1. Les États membres prennent les mesures nécessaires pour faire en sorte qu’une personne morale déclarée responsable au titre de l’article 11, paragraphe 1, soit passible de peines effectives, proportionnées et dissuasives, qui comprennent des amendes pénales et non pénales, et éventuellement d’autres sanctions, telles que

a) l’exclusion du bénéfice d’un avantage ou d’une aide publics;

b) l’interdiction temporaire ou définitive d’exercer une activité commerciale;

c) le placement sous contrôle judiciaire;

d) une mesure judiciaire de dissolution;

e) la fermeture temporaire ou permanente d'établissements qui ont servi à commettre l'infraction.

2. Les États membres prennent les mesures nécessaires pour faire en sorte qu’une personne morale dont la responsabilité est engagée au titre de l’article 11, paragraphe 2, soit passible de peines ou de mesures effectives, proportionnées et dissuasives.

Article 13 Compétence

1. Les États membres établissent leur compétence pour les infractions visées aux articles 3 à 8, lorsque l’infraction a été commise:

a) en tout ou en partie sur le territoire de l'État membre concerné; ou

b) par l'un de leurs ressortissants ou une personne qui a sa résidence habituelle sur le territoire de l'État membre concerné; or

c) au profit d’une personne morale dont le siège est situé sur le territoire de l'État membre concerné.

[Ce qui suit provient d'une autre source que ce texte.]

lemma antitone_if_adjacent:
  fixes v :: "nat \<Rightarrow> 'a::preorder"
  assumes "\<And>i. Suc i < n \<Longrightarrow> v (Suc i) \<le> v i" "i \<le> j" "j < n"
  shows "v j \<le> v i"
  using assms(2,3)
proof (induction j rule: dec_induct)
  case base
  then show ?case by simp
next
  case (step k)
  then show ?case
    using assms(1)[of k] order_trans by auto
qed

text \<open>A rearrangement of \<open>u\<close> closest to the antitone \<open>z\<close> is chosen, and among those one
  minimising \<open>\<Sum> k * u (\<sigma> k)\<close>: an adjacent ascent could then be swapped without increasing the
  distance while strictly decreasing the potential.\<close>
lemma exists_antitone_rearrangement:
  assumes u: "u \<in> vecs n" and z: "\<forall>i j. i \<le> j \<longrightarrow> j < n \<longrightarrow> z j \<le> z i"
  obtains \<sigma> where "\<sigma> permutes {..<n}" "u \<circ> \<sigma> \<in> Dcone n" "sqdist n (u \<circ> \<sigma>) z \<le> sqdist n u z"
proof -
  define perms where "perms = {\<sigma>. \<sigma> permutes {..<n}}"
  have fin: "finite perms" and id: "id \<in> perms"
    unfolding perms_def by (auto simp: finite_permutations permutes_id)
  obtain \<sigma>\<^sub>0 where \<sigma>\<^sub>0: "is_arg_min (\<lambda>\<sigma>. sqdist n (u \<circ> \<sigma>) z) (\<lambda>\<sigma>. \<sigma> \<in> perms) \<sigma>\<^sub>0"
    using ex_is_arg_min_if_finite[OF fin] id by blast
  define M where "M = {\<sigma> \<in> perms. sqdist n (u \<circ> \<sigma>) z \<le> sqdist n (u \<circ> \<sigma>\<^sub>0) z}"
  have "finite M" "\<sigma>\<^sub>0 \<in> M"
    using fin \<sigma>\<^sub>0 unfolding M_def is_arg_min_def by auto
  then obtain \<sigma> where \<sigma>: "is_arg_min (\<lambda>\<sigma>. \<Sum>k<n. real k * u (\<sigma> k)) (\<lambda>\<sigma>. \<sigma> \<in> M) \<sigma>"
    using ex_is_arg_min_if_finite by blast
  then have \<sigma>_perm: "\<sigma> \<in> perms" and \<sigma>M: "\<sigma> \<in> M"
    unfolding M_def is_arg_min_def by auto
  have adjacent: "u (\<sigma> (Suc i)) \<le> u (\<sigma> i)" if i: "Suc i < n" for i
  proof (rule ccontr)
    assume ascent: "\<not> u (\<sigma> (Suc i)) \<le> u (\<sigma> i)"
    define \<tau> where "\<tau> = \<sigma> \<circ> Transposition.transpose i (Suc i)"
    have "\<tau> \<in> perms"
      using \<sigma>_perm i unfolding perms_def \<tau>_def by (intro CollectI permutes_compose permutes_swap_id) auto
    have "sqdist n (u \<circ> \<tau>) z
          = sqdist n (u \<circ> \<sigma>) z - 2 * ((u (\<sigma> (Suc i)) - u (\<sigma> i)) * (z i - z (Suc i)))"
      unfolding sqdist_def \<tau>_def
      using sum_transpose[of i n "Suc i" "\<lambda>k a. (a - z k)^2" "u \<circ> \<sigma>"] i
      by (simp add: power2_eq_square algebra_simps)
    moreover have "0 \<le> (u (\<sigma> (Suc i)) - u (\<sigma> i)) * (z i - z (Suc i))"
      using z i ascent by simp
    ultimately have "\<tau> \<in> M"
      using \<open>\<tau> \<in> perms\<close> \<sigma>M unfolding M_def by simp
    moreover have "(\<Sum>k<n. real k * u (\<tau> k)) = (\<Sum>k<n. real k * u (\<sigma> k)) - (u (\<sigma> (Suc i)) - u (\<sigma> i))"
      unfolding \<tau>_def
      using sum_transpose[of i n "Suc i" "\<lambda>k a. real k * a" "u \<circ> \<sigma>"] i
      by (simp add: algebra_simps)
    ultimately show False
      using \<sigma> ascent unfolding is_arg_min_def by force
  qed
  have "u \<circ> \<sigma> \<in> Dcone n"
    using vecs_permute[OF _ u] \<sigma>_perm antitone_if_adjacent[of n "u \<circ> \<sigma>"] adjacent
    unfolding Dcone_def perms_def by auto
  moreover have "sqdist n (u \<circ> \<sigma>) z \<le> sqdist n u z"
    using \<sigma>M \<sigma>\<^sub>0 id unfolding M_def is_arg_min_linorder by auto
  ultimately show ?thesis
    using that \<sigma>_perm unfolding perms_def by blast
qed

lemma flobj_antitone:
  assumes "\<forall>i j. i \<le> j \<longrightarrow> j < n \<longrightarrow> x j \<le> x i"
  shows "flobj n \<rho> z x = 1/2 * sqdist n x (\<lambda>k. z k - \<rho> * wvec n k)
           + (\<rho> * (\<Sum>k<n. wvec n k * z k) - \<rho>^2/2 * (\<Sum>k<n. (wvec n k)^2))"
proof -
  have "flobj n \<rho> z x = (\<Sum>k<n. 1/2 * (x k - z k)^2 + \<rho> * (wvec n k * x k))"
    unfolding flobj_eq pairwise_abs_diff_antitone[OF assms] sqdist_def
    by (simp add: sum.distrib sum_distrib_left)
  also have "\<dots> = (\<Sum>k<n. 1/2 * (x k - (z k - \<rho> * wvec n k))^2
                       + (\<rho> * (wvec n k * z k) - \<rho>^2/2 * (wvec n k)^2))"
    by (intro sum.cong refl) (simp add: power2_eq_square algebra_simps)
  finally show ?thesis
    unfolding sqdist_def by (simp add: sum.distrib sum_distrib_left sum_subtractf)
qed

lemma S_set_antitone:
  assumes "\<rho> \<ge> 0" and z: "\<forall>i j. i \<le> j \<longrightarrow> j < n \<longrightarrow> z j \<le> z i"
  shows "S_set n \<rho> z = {projD n (\<lambda>k. z k - \<rho> * wvec n k)}"
proof -
  define c where "c = (\<lambda>k. z k - \<rho> * wvec n k)"
  define p where "p = projD n c"
  have pD: "p \<in> Dcone n" and pmin: "\<And>u. u \<in> Dcone n \<Longrightarrow> sqdist n p c \<le> sqdist n u c"
    using projD_nearest[of n c] unfolding p_def by auto
  have "flobj n \<rho> z p \<le> flobj n \<rho> z u" if u: "u \<in> vecs n" for u
  proof -
    obtain \<sigma> where \<sigma>: "\<sigma> permutes {..<n}" and v: "u \<circ> \<sigma> \<in> Dcone n"
      and dist: "sqdist n (u \<circ> \<sigma>) z \<le> sqdist n u z"
      using exists_antitone_rearrangement[OF u z] by blast
    have "flobj n \<rho> z p \<le> flobj n \<rho> z (u \<circ> \<sigma>)"
      using pmin[OF v] pD v flobj_antitone[of n _ \<rho> z] unfolding Dcone_def c_def by auto
    also have "\<dots> \<le> flobj n \<rho> z u"
      using dist unfolding flobj_eq pairwise_abs_diff_permute[OF \<sigma>] by simp
    finally show ?thesis .
  qed
  then have "p \<in> S_set n \<rho> z"
    using pD unfolding S_set_def Dcone_def by auto
  then show ?thesis
    using S_set_subsingleton[OF assms(1)] unfolding p_def c_def by blast
qed
(* Let $t\ge0$ be an integer such that $q=4t+5$ is a prime power, let $s=t+1$, let $F_q$ be the field with $q$ elements, $C$ its set of nonzero squares, $V=F_q\times F_q$ and $X=\mathbb{P}(V)$ the projective line (of cardinality $q+1$). For a basis $(u,v)$ of $V$ let $\Gamma^u_v$ be the graph on $X^u=X\setminus\{\langle u\rangle\}$ in which $\langle \alpha u+v\rangle$ and $\langle\beta u+v\rangle$ ($\alpha,\beta\in F_q$) are adjacent iff $\alpha-\beta\in C$. Then for every basis $(u,v)$: 1. $\Gamma^u_v$ has diameter $2$, every vertex has exactly $(q-1)/2=2s$ neighbours, two adjacent vertices have exactly $t=s-1$ common neighbours, and two vertices at distance $2$ have exactly $s$ common neighbours. 2. Let $\widehat\Gamma$ be the graph on $X$ obtained from $\Gamma^u_v$ by adding $\langle u\rangle$ as an isolated vertex. Then the localized graph ${}^{\langle v\rangle}\widehat\Gamma$ has $\langle v\rangle$ isolated and induces $\Gamma^v_u$ on $X\setminus\{\langle v\rangle\}$. 3. (a) For every $\varphi\in GL_2(F_q)$ (acting on $X$ by $\langle w\rangle\mapsto\langle\varphi(w)\rangle$), $\varphi(\Gamma^u_v)=\Gamma^{\varphi(u)}_{\varphi(v)}$. (b) If moreover $\varphi$ stabilizes the line $\langle u\rangle$, then $\Gamma^{\varphi(u)}_{\varphi(v)}=\Gamma^u_v$ if $\det\varphi$ is a square in $F_q$, and otherwise $\Gamma^{\varphi(u)}_{\varphi(v)}$ is the complementary graph of $\Gamma^u_v$ on $X^u$. 4. The group $SL_2(F_q)$ has exactly two orbits on the set of graphs $\Gamma^{u'}_{v'}$ ($(u',v')$ ranging over the bases of $V$). The orbit of $\Gamma^u_v$ is the set of graphs obtained by localizing $\widehat\Gamma$ (as in 2) at a point $z\in X$ and deleting the isolated vertex $z$, for $z$ ranging over $X$.
   Context: For a simple graph $\Gamma$ on a finite set $X$, its matrix $\mathcal{E}=(\varepsilon_{i,j})$ has $\varepsilon_{i,j}=-1$ if $i\ne j$ are adjacent, $1$ otherwise. Two graphs on $X$ with matrices $\mathcal{E},\mathcal{E}'$ are associated if there are $\nu_i\in\{\pm1\}$ with $\varepsilon'_{i,j}=\nu_i\nu_j\varepsilon_{i,j}$ for all $i,j$. The localization ${}^z\Gamma$ of $\Gamma$ at $z\in X$ is the unique graph associated to $\Gamma$ in which $z$ is an isolated vertex. The complementary graph has the same vertices, its edges being the non-edges of the original graph. *)

theory Defs
  imports "HOL-Analysis.Analysis" "HOL-Library.Extended_Nat"
begin

type_synonym 'v graph = "'v set \<times> ('v \<Rightarrow> 'v \<Rightarrow> bool)"

definition simple_graph_on :: "'v set \<Rightarrow> ('v \<Rightarrow> 'v \<Rightarrow> bool) \<Rightarrow> bool" where
  "simple_graph_on V E \<longleftrightarrow> (\<forall>x y. E x y \<longrightarrow> x \<in> V \<and> y \<in> V \<and> x \<noteq> y \<and> E y x)"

2. Lorsqu’ils établissent leur compétence conformément au paragraphe 1, point a), les États membres font en sorte qu’elle comprenne les cas où:

a) l’auteur de l’infraction l’a commise alors qu’il était physiquement présent sur le territoire de l'État membre concerné, même si l’infraction ne vise pas un système d’information situé sur son territoire; ou

b) l’infraction vise un système d’information situé sur le territoire de l'État membre concerné, même si l’auteur de l’infraction n’était pas physiquement présent sur son territoire lors de la commission de l'infraction.

Article 14 Échange d’informations

1. Aux fins de l’échange d’informations relatives aux infractions visées aux articles 3 à 8, et conformément aux règles régissant la protection des données, les États membres recourent au réseau existant de points de contact opérationnels, disponibles vingt-quatre heures sur vingt-quatre et sept jours sur sept. Les États membres veillent également à mettre en place des procédures pour pouvoir répondre à des demandes urgences dans un délai maximal de huit heures. La réponse doit au moins préciser si la demande d'aide sera satisfaite, sous quelle forme et dans quel délai.

2. Les États membres communiquent à la Commission le point de contact qu'ils ont désigné aux fins de l’échange d’informations sur les infractions visées aux articles 3 à 8. La Commission transmet ces informations aux autres États membres.

Article 15 Suivi et statistiques

1. Les États membres veillent à mettre en place un système d'enregistrement, de production et de communication de statistiques sur les infractions visées aux articles 3 à 8.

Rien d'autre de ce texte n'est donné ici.